(* Let $G_m$ be a parametric regulatory network and $\pi$ a finite sequence of transitions in $\Delta(G_m)$, with $\tilde\pi$ the set of its transitions. Then $p^\#(\tilde\pi)\neq\varnothing$ if and only if $p(\tilde\pi)\neq\emptyset$.
   Context: An influence graph is $G=(V,I)$ with $V=\{1,\dots,n\}$, $I\subseteq V\times V$; regulators $n^-(v)=\{u\mid(u,v)\in I\}$. $m\in\mathbb N^n$, $D_v=\{0,\dots,m_v\}$, $G_m=(G,m)$. Regulator states $\Omega_v=\prod_{u\in n^-(v)}D_u$. Parametrisations: $P\in\mathbb P(G_m)=\prod_{\langle v,\omega\rangle,\ \omega\in\Omega_v}D_v$ with coordinates $P_{v,\omega}$, ordered componentwise; $\bot$ is the zero vector, $\top_{v,\omega}=m_v$. A pair $(L,U)$ denotes $\{P\mid L\le P\le U\}$, the empty lattice $\varnothing$ when $L\not\le U$. States $S(G_m)=\prod_vD_v$; $\omega_v(x)$ projects $x$ onto the regulators of $v$. Transitions: $x\xrightarrow{v,+}y$ ($y$ equals $x$ except $y_v=x_v+1\le m_v$), $x\xrightarrow{v,-}y$ ($y_v=x_v-1\ge0$). $\mathcal P_{x\xrightarrow{v,+}y}=\{P\mid P_{v,\omega_v(x)}\ge x_v+1\}$, $\mathcal P_{x\xrightarrow{v,-}y}=\{P\mid P_{v,\omega_v(x)}\le x_v-1\}$; $p(\emptyset)=\mathbb P(G_m)$, $p(T)=\bigcap_{t\in T}\mathcal P_t$. $\nabla_{x\xrightarrow{v,+}y}(L,U)=(\max(L,\bot[(v,\omega_v(x))\leftarrow x_v+1]),U)$, $\nabla_{x\xrightarrow{v,-}y}(L,U)=(L,\min(U,\top[(v,\omega_v(x))\leftarrow x_v-1]))$; $p^\#(\emptyset)=(\bot,\top)$, $p^\#(T\cup\{t\})=\nabla_t(p^\#(T))$. *)

theory Defs
  imports Main
begin

text \<open>Influence graph G = (V, I) with V the (finite) vertex type 'v, I a set of edges,
  m the bound vector. Regulator states are represented as functions 'v \<Rightarrow> nat
  that vanish outside the regulators. A parametrisation is a function
  P :: 'v \<Rightarrow> ('v \<Rightarrow> nat) \<Rightarrow> nat whose relevant coordinates are the pairs
  (v, \<omega>) with \<omega> \<in> \<Omega>_v.\<close>

type_synonym 'v regstate = "'v \<Rightarrow> nat"
type_synonym 'v param = "'v \<Rightarrow> 'v regstate \<Rightarrow> nat"
type_synonym 'v state = "'v \<Rightarrow> nat"

definition regs :: "('v \<times> 'v) set \<Rightarrow> 'v \<Rightarrow> 'v set" where
  "regs I v = {u. (u, v) \<in> I}"

definition Omega :: "('v \<times> 'v) set \<Rightarrow> ('v \<Rightarrow> nat) \<Rightarrow> 'v \<Rightarrow> 'v regstate set" where
  "Omega I m v = {\<omega>. (\<forall>u \<in> regs I v. \<omega> u \<le> m u) \<and> (\<forall>u. u \<notin> regs I v \<longrightarrow> \<omega> u = 0)}"

definition coords :: "('v \<times> 'v) set \<Rightarrow> ('v \<Rightarrow> nat) \<Rightarrow> ('v \<times> 'v regstate) set" where
  "coords I m = {(v, \<omega>). \<omega> \<in> Omega I m v}"

definition params :: "('v \<times> 'v) set \<Rightarrow> ('v \<Rightarrow> nat) \<Rightarrow> 'v param set" where
  "params I m = {P. (\<forall>(v, \<omega>) \<in> coords I m. P v \<omega> \<le> m v) \<and>
                     (\<forall>v \<omega>. (v, \<omega>) \<notin> coords I m \<longrightarrow> P v \<omega> = 0)}"

definition param_le :: "('v \<times> 'v) set \<Rightarrow> ('v \<Rightarrow> nat) \<Rightarrow> 'v param \<Rightarrow> 'v param \<Rightarrow> bool" where
  "param_le I m P Q \<longleftrightarrow> (\<forall>(v, \<omega>) \<in> coords I m. P v \<omega> \<le> Q v \<omega>)"

definition pbot :: "'v param" where
  "pbot = (\<lambda>v \<omega>. 0)"

definition ptop :: "('v \<times> 'v) set \<Rightarrow> ('v \<Rightarrow> nat) \<Rightarrow> 'v param" where
  "ptop I m = (\<lambda>v \<omega>. if (v, \<omega>) \<in> coords I m then m v else 0)"

definition pupd :: "'v param \<Rightarrow> 'v \<Rightarrow> 'v regstate \<Rightarrow> nat \<Rightarrow> 'v param" where
  "pupd P v \<omega> k = P(v := (P v)(\<omega> := k))"

definition pmax :: "'v param \<Rightarrow> 'v param \<Rightarrow> 'v param" where
  "pmax P Q = (\<lambda>v \<omega>. max (P v \<omega>) (Q v \<omega>))"

definition pmin :: "'v param \<Rightarrow> 'v param \<Rightarrow> 'v param" where
  "pmin P Q = (\<lambda>v \<omega>. min (P v \<omega>) (Q v \<omega>))"

text \<open>The set {P | L \<le> P \<le> U} denoted by a pair (L,U); it is the empty lattice iff not L \<le> U.\<close>
definition lattice_set :: "('v \<times> 'v) set \<Rightarrow> ('v \<Rightarrow> nat) \<Rightarrow> 'v param \<times> 'v param \<Rightarrow> 'v param set" where
  "lattice_set I m LU = {P \<in> params I m. param_le I m (fst LU) P \<and> param_le I m P (snd LU)}"

definition lattice_empty :: "('v \<times> 'v) set \<Rightarrow> ('v \<Rightarrow> nat) \<Rightarrow> 'v param \<times> 'v param \<Rightarrow> bool" where
  "lattice_empty I m LU \<longleftrightarrow> \<not> param_le I m (fst LU) (snd LU)"

definition states :: "('v \<Rightarrow> nat) \<Rightarrow> 'v state set" where
  "states m = {x. \<forall>v. x v \<le> m v}"

definition omega_of :: "('v \<times> 'v) set \<Rightarrow> 'v \<Rightarrow> 'v state \<Rightarrow> 'v regstate" where
  "omega_of I v x = (\<lambda>u. if u \<in> regs I v then x u else 0)"

text \<open>Transitions x --v,s--> y, with sign s = True for + and False for -.\<close>
datatype 'v transition = Tr (src: "'v state") (var: 'v) (sgn: bool) (tgt: "'v state")

definition Delta :: "('v \<Rightarrow> nat) \<Rightarrow> 'v transition set" where
  "Delta m = {Tr x v s y | x v s y. x \<in> states m \<and>
      (if s then x v + 1 \<le> m v \<and> y = x(v := x v + 1)
            else x v \<ge> 1 \<and> y = x(v := x v - 1))}"

definition Ptrans :: "('v \<times> 'v) set \<Rightarrow> ('v \<Rightarrow> nat) \<Rightarrow> 'v transition \<Rightarrow> 'v param set" where
  "Ptrans I m t = (case t of Tr x v s y \<Rightarrow>
     if s then {P \<in> params I m. P v (omega_of I v x) \<ge> x v + 1}
          else {P \<in> params I m. P v (omega_of I v x) + 1 \<le> x v})"

definition p :: "('v \<times> 'v) set \<Rightarrow> ('v \<Rightarrow> nat) \<Rightarrow> 'v transition set \<Rightarrow> 'v param set" where
  "p I m T = params I m \<inter> (\<Inter>t \<in> T. Ptrans I m t)"

definition nabla :: "('v \<times> 'v) set \<Rightarrow> ('v \<Rightarrow> nat) \<Rightarrow> 'v transition \<Rightarrow>
    'v param \<times> 'v param \<Rightarrow> 'v param \<times> 'v param" where
  "nabla I m t LU = (case t of Tr x v s y \<Rightarrow>
     if s then (pmax (fst LU) (pupd pbot v (omega_of I v x) (x v + 1)), snd LU)
          else (fst LU, pmin (snd LU) (pupd (ptop I m) v (omega_of I v x) (x v - 1))))"

fun p_sharp :: "('v \<times> 'v) set \<Rightarrow> ('v \<Rightarrow> nat) \<Rightarrow> 'v transition list \<Rightarrow> 'v param \<times> 'v param" where
  "p_sharp I m [] = (pbot, ptop I m)"
| "p_sharp I m (t # ts) = nabla I m t (p_sharp I m ts)"

end

theory Submission
  imports Defs
begin

text \<open>Each operator nabla_t tightens a single bound of the pair (L,U), at the coordinate
  (v, omega_v(x)) read by t, and the parametrisations between the new bounds are exactly
  those between the old bounds that allow t. Hence p#(pi) denotes precisely p(pi);
  and since the lower bound of p#(pi) is itself a parametrisation, that set is
  nonempty exactly when L <= U.\<close>

lemma omega_of_in_coords: "x \<in> states m \<Longrightarrow> (v, omega_of I v x) \<in> coords I m"
  by (auto simp: coords_def Omega_def omega_of_def states_def)

lemma Tr_in_DeltaD:
  assumes "Tr x v s y \<in> Delta m"
  shows "x \<in> states m" and "if s then x v + 1 \<le> m v else 1 \<le> x v"
  using assms by (auto simp: Delta_def split: if_splits)

lemma param_le_pmax_pupd_pbot:
  assumes "(v, \<omega>) \<in> coords I m"
  shows "param_le I m (pmax L (pupd pbot v \<omega> k)) P \<longleftrightarrow> param_le I m L P \<and> k \<le> P v \<omega>"
  using assms by (auto simp: param_le_def pmax_def pupd_def pbot_def)

lemma param_le_pmin_pupd_ptop:
  assumes "(v, \<omega>) \<in> coords I m" and "P \<in> params I m"
  shows "param_le I m P (pmin U (pupd (ptop I m) v \<omega> k)) \<longleftrightarrow> param_le I m P U \<and> P v \<omega> \<le> k"
  using assms by (auto simp: param_le_def pmin_def pupd_def ptop_def params_def)

lemma lattice_set_bot_top: "lattice_set I m (pbot, ptop I m) = params I m"
  by (auto simp: lattice_set_def param_le_def pbot_def ptop_def params_def)

lemma lattice_set_nabla:
  assumes "t \<in> Delta m"
  shows "lattice_set I m (nabla I m t LU) = lattice_set I m LU \<inter> Ptrans I m t"
proof -
  obtain x v s y where t: "t = Tr x v s y" by (cases t)
  note x_bounds = Tr_in_DeltaD[OF assms[unfolded t]]
  have c: "(v, omega_of I v x) \<in> coords I m"
    using omega_of_in_coords[OF x_bounds(1)] .
  show ?thesis
  proof (cases s)
    case True
    then show ?thesis
      using param_le_pmax_pupd_pbot[OF c]
      by (auto simp: t nabla_def Ptrans_def lattice_set_def)
  next
    case False
    have "(P v (omega_of I v x) \<le> x v - 1) \<longleftrightarrow> (P v (omega_of I v x) + 1 \<le> x v)" for P :: "'a param"
      using x_bounds(2) False by auto
    with False show ?thesis
      using param_le_pmin_pupd_ptop[OF c]
      by (auto simp: t nabla_def Ptrans_def lattice_set_def)
  qed
qed

theorem lattice_set_p_sharp:
  assumes "set \<pi> \<subseteq> Delta m"
  shows "lattice_set I m (p_sharp I m \<pi>) = p I m (set \<pi>)"
  using assms
proof (induction \<pi>)
  case Nil
  then show ?case by (simp add: lattice_set_bot_top p_def)
next
  case (Cons t ts)
  then show ?case by (auto simp: lattice_set_nabla p_def)
qed

lemma fst_p_sharp_in_params:
  "set \<pi> \<subseteq> Delta m \<Longrightarrow> fst (p_sharp I m \<pi>) \<in> params I m"
proof (induction \<pi>)
  case Nil
  then show ?case by (auto simp: params_def pbot_def)
next
  case (Cons t ts)
  obtain x v s y where t: "t = Tr x v s y" by (cases t)
  note x_bounds = Tr_in_DeltaD[of x v s y m]
  have "(v, omega_of I v x) \<in> coords I m"
    using Cons.prems t x_bounds(1) omega_of_in_coords by auto
  with Cons x_bounds t show ?case
    by (auto simp: nabla_def params_def pmax_def pupd_def pbot_def)
qed

lemma lattice_set_nonempty_iff:
  assumes "fst LU \<in> params I m"
  shows "lattice_set I m LU \<noteq> {} \<longleftrightarrow> \<not> lattice_empty I m LU"
proof
  assume "lattice_set I m LU \<noteq> {}"
  then show "\<not> lattice_empty I m LU"
    by (fastforce simp: lattice_set_def lattice_empty_def param_le_def)
next
  assume "\<not> lattice_empty I m LU"
  then have "fst LU \<in> lattice_set I m LU"
    using assms by (auto simp: lattice_set_def lattice_empty_def param_le_def)
  then show "lattice_set I m LU \<noteq> {}" by blast
qed

theorem corollary1:
  fixes I :: "('v::finite \<times> 'v) set" and m :: "'v \<Rightarrow> nat"
    and \<pi> :: "'v transition list"
  assumes "set \<pi> \<subseteq> Delta m"
  shows "\<not> lattice_empty I m (p_sharp I m \<pi>) \<longleftrightarrow> p I m (set \<pi>) \<noteq> {}"
  using lattice_set_nonempty_iff[OF fst_p_sharp_in_params[OF assms]]
    lattice_set_p_sharp[OF assms]
  by simp

end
|---|
_Work instructions_
Output the material above exactly, but only from the line that carries "x v \<le> m" through the line that carries "I m \<inter>".

_Result of the exercise_
  "states m = {x. \<forall>v. x v \<le> m v}"

definition omega_of :: "('v \<times> 'v) set \<Rightarrow> 'v \<Rightarrow> 'v state \<Rightarrow> 'v regstate" where
  "omega_of I v x = (\<lambda>u. if u \<in> regs I v then x u else 0)"

text \<open>Transitions x --v,s--> y, with sign s = True for + and False for -.\<close>
datatype 'v transition = Tr (src: "'v state") (var: 'v) (sgn: bool) (tgt: "'v state")

definition Delta :: "('v \<Rightarrow> nat) \<Rightarrow> 'v transition set" where
  "Delta m = {Tr x v s y | x v s y. x \<in> states m \<and>
      (if s then x v + 1 \<le> m v \<and> y = x(v := x v + 1)
            else x v \<ge> 1 \<and> y = x(v := x v - 1))}"

definition Ptrans :: "('v \<times> 'v) set \<Rightarrow> ('v \<Rightarrow> nat) \<Rightarrow> 'v transition \<Rightarrow> 'v param set" where
  "Ptrans I m t = (case t of Tr x v s y \<Rightarrow>
     if s then {P \<in> params I m. P v (omega_of I v x) \<ge> x v + 1}
          else {P \<in> params I m. P v (omega_of I v x) + 1 \<le> x v})"

definition p :: "('v \<times> 'v) set \<Rightarrow> ('v \<Rightarrow> nat) \<Rightarrow> 'v transition set \<Rightarrow> 'v param set" where
  "p I m T = params I m \<inter> (\<Inter>t \<in> T. Ptrans I m t)"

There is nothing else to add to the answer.